In the context of ramp-and-dump schemes, moreover, members should consider their obligations under the Bank Secrecy Act (BSA), its implementing regulations and FINRA Rule 3310 (Anti-Money Laundering Compliance Program), including to:
maintain customer identification programs to verify the identity of each customer;11
verify the identity of the beneficial owners of legal entity customers;12
establish due diligence programs for correspondent accounts for foreign financial institutions, including omnibus accounts held for foreign financial institutions;13
establish and implement policies and procedures that can be reasonably expected to detect and cause the reporting of suspicious transactions conducted or attempted by, at, or through U.S. broker-dealers to the U.S. Treasury Department’s Financial Crimes Enforcement Network (FinCEN);14 and
implement appropriate risk-based procedures for conducting ongoing customer due diligence, including to understand the nature and purpose of customer relationships for the purpose of developing a customer risk profile, and to conduct ongoing monitoring to identify and report suspicious transactions.15
Upon detection of red flags related to ramp-and-dump schemes through monitoring, members should consider whether additional investigation, customer due diligence measures or a Suspicious Activity Report (SAR) filing may be warranted. Members also should consider whether, depending on the facts and circumstances, other obligations may be implicated, including, but not limited to the following
Exchange Act Rule 10b-5; Securities Act, Section 17(a); and FINRA Rule 2020 (Use of Manipulative, Deceptive or Other Fraudulent Devices);
FINRA Rule 2010 (Standards of Commercial Honor and Principles of Trade);
In situations that require immediate attention, such as terrorist financing or ongoing money laundering schemes, members should immediately notify by telephone an appropriate law enforcement authority.17
1On May 20, 2021, the Hong Kong Securities and Futures Commission and the Stock Exchange of Hong Kong issued a joint statement on IPO-related misconduct in which they, among other things, describe features of ramp-and-dump schemes.

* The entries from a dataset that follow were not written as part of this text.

text \<open>Vectors over F_p indexed by the points, F_p represented by {0..<p}.\<close>
definition words :: "nat \<Rightarrow> ('k::field vec3 set \<Rightarrow> int) set" where
  "words p = {c. (\<forall>x. 0 \<le> c x \<and> c x < int p) \<and> (\<forall>x. x \<notin> (pg_points :: 'k vec3 set set) \<longrightarrow> c x = 0)}"

definition incid :: "'k::field vec3 set set \<Rightarrow> 'k vec3 set \<Rightarrow> int" where
  "incid L x = (if x \<in> L then 1 else 0)"

definition code_PG :: "nat \<Rightarrow> ('k::field vec3 set \<Rightarrow> int) set" where
  "code_PG p = {c \<in> words p. \<exists>a :: 'k vec3 set set \<Rightarrow> int.
      \<forall>x\<in>pg_points. c x = (\<Sum>L\<in>pg_lines. a L * incid L x) mod int p}"

definition dual_code :: "nat \<Rightarrow> ('k::field vec3 set \<Rightarrow> int) set \<Rightarrow> ('k vec3 set \<Rightarrow> int) set" where
  "dual_code p C = {c \<in> words p. \<forall>d\<in>C. (\<Sum>x\<in>pg_points. c x * d x) mod int p = 0}"

definition weight :: "('k::field vec3 set \<Rightarrow> int) \<Rightarrow> nat" where
  "weight c = card {x \<in> (pg_points :: 'k vec3 set set). c x \<noteq> 0}"

definition min_dist :: "('k::field vec3 set \<Rightarrow> int) set \<Rightarrow> nat" where
  "min_dist C = Min (weight ` (C - {\<lambda>_. 0}))"

end

theory Submission
  imports Defs "HOL-Number_Theory.Residues" "HOL-Computational_Algebra.Polynomial"
begin

(* We exhibit an explicit nonzero word of the dual code of weight exactly
   2q + 1 - (q - 1)/(p - 1).  Its support is the graph of the Frobenius map,
   i.e. the q affine points (x, x^p, 1), carrying the value 1, together with the
   points at infinity NOT determined by that graph, carrying the value -1 = p - 1.

   For every m the map psi_m(x) = x^p - m x is additive, so
      its fibres are cosets of its kernel K_m; K_m has at most p elements and its
      order divides q, hence K_m is {0} or has exactly p elements.  The slopes m with
      K_m nonzero are the directions determined by the graph; there are exactly
      (q - 1)/(p - 1) of them, and their number is 1 mod p.
   2. Every line meets the graph and the undetermined directions in numbers of
      points that agree mod p; this is a fibre count for psi_m.
   3. A word whose sum along every line vanishes mod p lies in the dual code, and
      the minimum distance is at most the weight of any nonzero codeword. *)


section \<open>Points and lines of the projective plane\<close>

lemma pg_pt_self: "v \<in> pg_pt v"
  unfolding pg_pt_def by (rule CollectI, rule exI[of _ 1]) (cases v, simp add: smul3_def)

lemma pg_pt_eqD: "pg_pt v = pg_pt w \<Longrightarrow> \<exists>t. t \<noteq> 0 \<and> v = smul3 t w"
  using pg_pt_self[of v] unfolding pg_pt_def by auto

lemma dot3_smul3: "dot3 (smul3 t w) u = t * dot3 w u"
  by (cases w; cases u) (simp add: smul3_def dot3_def algebra_simps)

lemma pg_pt_in_line:
  assumes "v \<noteq> (0, 0, 0)"
  shows "pg_pt v \<in> pg_line u \<longleftrightarrow> dot3 v u = 0"
proof
  assume "pg_pt v \<in> pg_line u"
  then obtain w where w: "pg_pt v = pg_pt w" "dot3 w u = 0" unfolding pg_line_def by auto
  then obtain t where "v = smul3 t w" using pg_pt_eqD by blast
  thus "dot3 v u = 0" using w by (simp add: dot3_smul3)
next
  assume "dot3 v u = 0"
  thus "pg_pt v \<in> pg_line u" using assms unfolding pg_line_def by blast
qed

lemma pg_pt_in_points: "v \<noteq> (0, 0, 0) \<Longrightarrow> pg_pt v \<in> pg_points"
  unfolding pg_points_def by auto

definition dir_pt :: "'k::field \<Rightarrow> 'k vec3 set" where
  "dir_pt m = pg_pt (1, m, 0)"

definition vert_pt :: "'k::field vec3 set" where
  "vert_pt = pg_pt (0, 1, 0)"

lemma inj_dir_pt: "inj dir_pt"
  by (rule injI) (auto simp: dir_pt_def smul3_def dest: pg_pt_eqD)

lemma card_dir_pt_image: "card (dir_pt ` S) = card S"
  using card_image[OF inj_on_subset[OF inj_dir_pt subset_UNIV]] .

lemma vert_pt_not_dir_pt: "vert_pt \<notin> dir_pt ` S"
  by (auto simp: vert_pt_def dir_pt_def smul3_def dest: pg_pt_eqD)


section \<open>Words orthogonal to all lines\<close>

lemma sum_two_valued:
  fixes a b :: int
  assumes "finite S" "A \<subseteq> S" "B \<subseteq> S" "A \<inter> B = {}"
  shows "(\<Sum>x\<in>S. if x \<in> A then a else if x \<in> B then b else 0) = int (card A) * a + int (card B) * b"
proof -
  have "(\<Sum>x\<in>S. if x \<in> A then a else if x \<in> B then b else 0)
      = (\<Sum>x\<in>S. if x \<in> A then a else 0) + (\<Sum>x\<in>S. if x \<in> B then b else 0)"
    using assms(4) by (subst sum.distrib[symmetric]) (intro sum.cong, auto)
  also have "\<dots> = int (card A) * a + int (card B) * b"
    using assms(1-3) by (simp add: sum.If_cases Int_absorb1 Int_absorb2)
  finally show ?thesis .
qed

text \<open>Since \<open>C(PG(2,q))\<close> is spanned by the lines, a word is in its dual as soon as
  its sum along every line vanishes mod \<open>p\<close>.\<close>
lemma dual_code_of_line_sums:
  fixes c :: "'k::field vec3 set \<Rightarrow> int"
  assumes c: "c \<in> words p"
    and lines: "\<And>L. L \<in> pg_lines \<Longrightarrow> int p dvd (\<Sum>x\<in>pg_points. c x * incid L x)"
  shows "c \<in> dual_code p (code_PG p)"
  unfolding dual_code_def
proof (intro CollectI conjI ballI c)
  fix d assume "d \<in> (code_PG p :: ('k vec3 set \<Rightarrow> int) set)"
  then obtain a :: "'k vec3 set set \<Rightarrow> int" where
    a: "\<forall>x\<in>pg_points. d x = (\<Sum>L\<in>pg_lines. a L * incid L x) mod int p"
    unfolding code_PG_def by blast
  have "(\<Sum>x\<in>pg_points. c x * d x) mod int p = (\<Sum>x\<in>pg_points. (c x * d x) mod int p) mod int p"
    by (rule mod_sum_eq[symmetric])
  also have "\<dots> = (\<Sum>x\<in>pg_points. (c x * (\<Sum>L\<in>pg_lines. a L * incid L x)) mod int p) mod int p"
  proof (rule arg_cong[where f="\<lambda>z. z mod int p"], rule sum.cong[OF refl])
    fix x assume "x \<in> (pg_points :: 'k vec3 set set)"
    hence "d x = (\<Sum>L\<in>pg_lines. a L * incid L x) mod int p" using a by blast
    thus "(c x * d x) mod int p = (c x * (\<Sum>L\<in>pg_lines. a L * incid L x)) mod int p"
      by (simp only: mod_mult_right_eq)
  qed
  also have "\<dots> = (\<Sum>x\<in>pg_points. c x * (\<Sum>L\<in>pg_lines. a L * incid L x)) mod int p"
    by (rule mod_sum_eq)
  also have "(\<Sum>x\<in>pg_points. c x * (\<Sum>L\<in>pg_lines. a L * incid L x))
      = (\<Sum>L\<in>pg_lines. a L * (\<Sum>x\<in>pg_points. c x * incid L x))"
    by (simp add: sum_distrib_left sum.swap[of _ pg_lines] algebra_simps)
  also have "\<dots> mod int p = 0"
    by (intro dvd_imp_mod_0 dvd_sum dvd_mult lines)
  finally show "(\<Sum>x\<in>pg_points. c x * d x) mod int p = 0" .
qed

text \<open>Over a finite field all weights are bounded, so the minimum is attained below
  the weight of any nonzero codeword.\<close>
lemma min_dist_le_weight:
  fixes C :: "('k::{field,finite} vec3 set \<Rightarrow> int) set"
  assumes "c \<in> C" "c \<noteq> (\<lambda>_. 0)"
  shows "min_dist C \<le> weight c"
proof -
  have "weight ` (C - {\<lambda>_. 0}) \<subseteq> {..card (pg_points :: 'k vec3 set set)}"
    unfolding weight_def by (auto intro: card_mono)
  hence "finite (weight ` (C - {\<lambda>_. 0}))"
    by (rule finite_subset) simp
  thus ?thesis
    unfolding min_dist_def using assms by (intro Min_le) auto
qed


section \<open>The additive maps \<open>x \<mapsto> x^p - m x\<close> on a field of order \<open>p^h\<close>\<close>

context
  fixes p h :: nat
  assumes p_prime: "prime p"
    and card_field: "card (UNIV :: 'k::{field,finite} set) = p ^ h"
begin

lemma CHAR_eq_p: "CHAR('k) = p"
proof -
  have char_prime: "prime CHAR('k)"
    by (rule prime_CHAR_semidom, rule finite_imp_CHAR_pos) simp
  have "CHAR('k) dvd p ^ h" using CHAR_dvd_CARD[where ?'a='k] card_field by simp
  hence "CHAR('k) dvd p" using char_prime prime_dvd_power by blast
  thus ?thesis using char_prime p_prime primes_dvd_imp_eq by blast
qed

lemma p_dvd_card_field: "p dvd card (UNIV :: 'k set)"
  using CHAR_dvd_CARD[where ?'a='k] by (simp add: CHAR_eq_p)

lemma card_field_ge_1: "card (UNIV :: 'k set) \<ge> 1"
  by (simp add: Suc_leI card_gt_0_iff)

lemma p_ge_2: "p \<ge> 2"
  using p_prime prime_ge_2_nat by blast

lemma frobenius_add: "((x::'k) + y) ^ p = x ^ p + y ^ p"
  by (rule freshmans_dream) (use CHAR_eq_p p_prime in auto)

lemma frobenius_diff: "((x::'k) - y) ^ p = x ^ p - y ^ p"
  using frobenius_add[of x "-y"] minus_power_prime_CHAR[of p y] CHAR_eq_p p_prime by simp

definition psi :: "'k \<Rightarrow> 'k \<Rightarrow> 'k" where
  "psi m x = x ^ p - m * x"

definition ker_psi :: "'k \<Rightarrow> 'k set" where
  "ker_psi m = {x. psi m x = 0}"

lemma psi_add: "psi m (x + y) = psi m x + psi m y"
  by (simp add: psi_def frobenius_add algebra_simps)

lemma psi_diff: "psi m (x - y) = psi m x - psi m y"
  by (simp add: psi_def frobenius_diff algebra_simps)

lemma zero_in_ker_psi: "0 \<in> ker_psi m"
  using p_prime by (simp add: ker_psi_def psi_def prime_gt_0_nat)

lemma fibre_psi:
  assumes "psi m x0 = b"
  shows "{x. psi m x = b} = (\<lambda>k. x0 + k) ` ker_psi m"
proof (intro equalityI subsetI)
  fix x assume "x \<in> {x. psi m x = b}"
  hence "x - x0 \<in> ker_psi m" using assms by (simp add: ker_psi_def psi_diff)
  thus "x \<in> (\<lambda>k. x0 + k) ` ker_psi m" by (intro image_eqI[of _ _ "x - x0"]) auto
qed (use assms in \<open>auto simp: ker_psi_def psi_add\<close>)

2As used in this Notice, the phrase “nominee accounts” refers to nominee brokerage accounts that may be opened in the names of individuals but are controlled by an undisclosed person or group. Nominee accounts may also be involved with placing apparently manipulative orders and trades that did not specifically invest in the IPO.
4Most schemes involve IPOs, but these schemes also have included up-listings to exchanges.
5See SEC Release on Proposed Rules for Special Purpose Acquisition Companies, Shell Companies, and Projections, Release Nos., 33-11048, 34-94546, IC-34549, File No. S7-13-22 (March 30, 2022).
11See FINRA Rule 3310(b) and 31 C.F.R. § 1023.220.
12See FINRA Rule 3310(f)(ii) and 31 C.F.R. §1010.230.
14See FINRA Rule 3310(a) and 31 C.F.R. § 1023.320.
15See FINRA Rule 3310(f) and 31 C.F.R. § 1023.210(a)(5).
16See NASAA, Contact Your Regulator (providing contact information for state securities, provincial securities regulators and other resources provided by those agencies).